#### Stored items
= Beginning of Section =

section \<open>The error as a kernel integral\<close>

text \<open>Taylor coefficients at \<open>b\<close> of the polynomials \<open>P\<^sub>0 = 1, \<dots>, P\<^sub>m\<close> with \<open>P\<^sub>j\<^sub>+\<^sub>1' = P\<^sub>j\<close>
  whose boundary values produce the quadrature sum; \<open>P\<^sub>m\<close> turns out to be the Peano kernel.\<close>

definition peano_coeff :: "nat \<Rightarrow> real \<Rightarrow> real \<Rightarrow> nat \<Rightarrow> real" where
  "peano_coeff m a b j =
     (if j = 0 then 1 else if j \<le> m then quad_coeff (Suc m) a b (j - 1) / fact m else 0)"

abbreviation peano_poly :: "nat \<Rightarrow> real \<Rightarrow> real \<Rightarrow> nat \<Rightarrow> real \<Rightarrow> real" where
  "peano_poly m a b \<equiv> appell_poly (peano_coeff m a b) b"

lemma peano_coeff_over_fact:
  assumes i: "i \<le> m"
  shows "peano_coeff m a b (m - i) / fact i
    = (b - a) ^ (m - i) * 4 ^ i * real ((m + i + 1) choose (2 * i + 1)) / (4 ^ m * fact m)"
proof (cases "i = m")
  case True
  have "(m + i + 1) choose (2 * i + 1) = 1"
    using True by (simp add: mult_2 del: binomial_Suc_Suc)
  then show ?thesis
    using True by (simp add: peano_coeff_def)
next
  case False
  define d where "d = m - i - 1"
  have m: "m = i + d + 1"
    using False i by (simp add: d_def)
  have coeff: "peano_coeff m a b (m - i)
      = (b - a) ^ (d + 1) * fact (2 * i + d + 2) * fact (Suc i) / (2 ^ (2 * d + 1) * fact (2 * i + 2) * fact (d + 1)) / fact m"
  proof -
    have "peano_coeff m a b (m - i) = quad_coeff (Suc m) a b d / fact m"
      using False i by (simp add: peano_coeff_def d_def)
    moreover have "2 * Suc m - d - 2 = 2 * i + d + 2" "Suc m - d - 1 = Suc i" "2 * Suc m - 2 * d - 2 = 2 * i + 2"
      by (simp_all add: m)
    ultimately show ?thesis
      by (simp only: quad_coeff_def)
  qed
  have binom: "real ((m + i + 1) choose (2 * i + 1)) = fact (2 * i + d + 2) / (fact (2 * i + 1) * fact (d + 1))"
  proof -
    have idx: "m + i + 1 = 2 * i + d + 2" "2 * i + d + 2 - (2 * i + 1) = d + 1"
      by (simp_all add: m)
    have "real ((2 * i + d + 2) choose (2 * i + 1))
        = fact (2 * i + d + 2) / (fact (2 * i + 1) * fact (2 * i + d + 2 - (2 * i + 1)))"
      by (rule binomial_fact) simp
    then show ?thesis
      unfolding idx .
  qed
  have fact2: "fact (2 * i + 2) = 2 * (real i + 1) * (fact (2 * i + 1) :: real)"
    using fact_Suc[of "2 * i + 1", where 'a = real] by (simp add: algebra_simps)
  have fact1: "fact (Suc i) = (real i + 1) * (fact i :: real)"
    by (simp add: algebra_simps)
  have pow4: "(4 :: real) ^ m = 4 ^ i * 2 ^ (2 * d + 1) * 2"
    by (simp add: m power_add power_mult)
  have cancel: "\<And>H A F P B C M Q r :: real. r > 0 \<Longrightarrow> F > 0 \<Longrightarrow> Q > 0 \<Longrightarrow>
      H * A * (r * F) / (P * ((2 * r) * B) * C) / M / F = H * Q * (A / (B * C)) / (Q * P * 2 * M)"
    by (simp add: field_simps)
  have "m - i = d + 1"
    by (simp add: m)
  then show ?thesis
    unfolding coeff fact2 fact1 binom pow4 by (simp only:) (intro cancel; simp)
qed

lemma peano_poly_eq_kernel:
  assumes ab: "a < b"
  shows "peano_poly m a b m x = peano_kernel m a b x"
proof -
  have s: "(1 - unit_coord a b x) / 2 = (b - x) / (b - a)"
    using ab by (simp add: unit_coord_def field_simps)
  have "peano_coeff m a b (m - j) * (x - b) ^ j / fact j
      = (b - a) ^ m / (4 ^ m * fact m) * (chebyshev_U_coeff m j * ((b - x) / (b - a)) ^ j)"
    if j: "j \<le> m" for j
  proof -
    have split: "(b - a) ^ m = (b - a) ^ (m - j) * (b - a) ^ j"
      using j by (simp flip: power_add)
    have sign: "(-4 :: real) ^ j * (b - x) ^ j = 4 ^ j * (x - b) ^ j"
      by (simp flip: power_mult_distrib)
    have cancel: "\<And>H w C D v q u T :: real. w * v = q * u \<Longrightarrow> T \<noteq> 0 \<Longrightarrow>
        H * w * C / D * v = H * T / D * (q * C * (u / T))"
      by (simp add: field_simps)
    have "peano_coeff m a b (m - j) * (x - b) ^ j / fact j = peano_coeff m a b (m - j) / fact j * (x - b) ^ j"
      by simp
    also have "\<dots> = (b - a) ^ m / (4 ^ m * fact m) * (chebyshev_U_coeff m j * ((b - x) / (b - a)) ^ j)"
      unfolding peano_coeff_over_fact[OF j] chebyshev_U_coeff_def split power_divide
      by (rule cancel) (use ab sign in auto)
    finally show ?thesis .
  qed
  then show ?thesis
    unfolding appell_poly_def peano_kernel_def chebyshev_U_expansion s
    by (simp add: sum_distrib_left)
qed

= End of Section =

#### TASK STATEMENT
The answer must be exactly the lines from the one containing "by (simp flip: power_mult_distrib)" through the final line of the data, both ends included, and nothing else.

#### RESPONSE TO THE EXERCISE
      by (simp flip: power_mult_distrib)
    have cancel: "\<And>H w C D v q u T :: real. w * v = q * u \<Longrightarrow> T \<noteq> 0 \<Longrightarrow>
        H * w * C / D * v = H * T / D * (q * C * (u / T))"
      by (simp add: field_simps)
    have "peano_coeff m a b (m - j) * (x - b) ^ j / fact j = peano_coeff m a b (m - j) / fact j * (x - b) ^ j"
      by simp
    also have "\<dots> = (b - a) ^ m / (4 ^ m * fact m) * (chebyshev_U_coeff m j * ((b - x) / (b - a)) ^ j)"
      unfolding peano_coeff_over_fact[OF j] chebyshev_U_coeff_def split power_divide
      by (rule cancel) (use ab sign in auto)
    finally show ?thesis .
  qed
  then show ?thesis
    unfolding appell_poly_def peano_kernel_def chebyshev_U_expansion s
    by (simp add: sum_distrib_left)
qed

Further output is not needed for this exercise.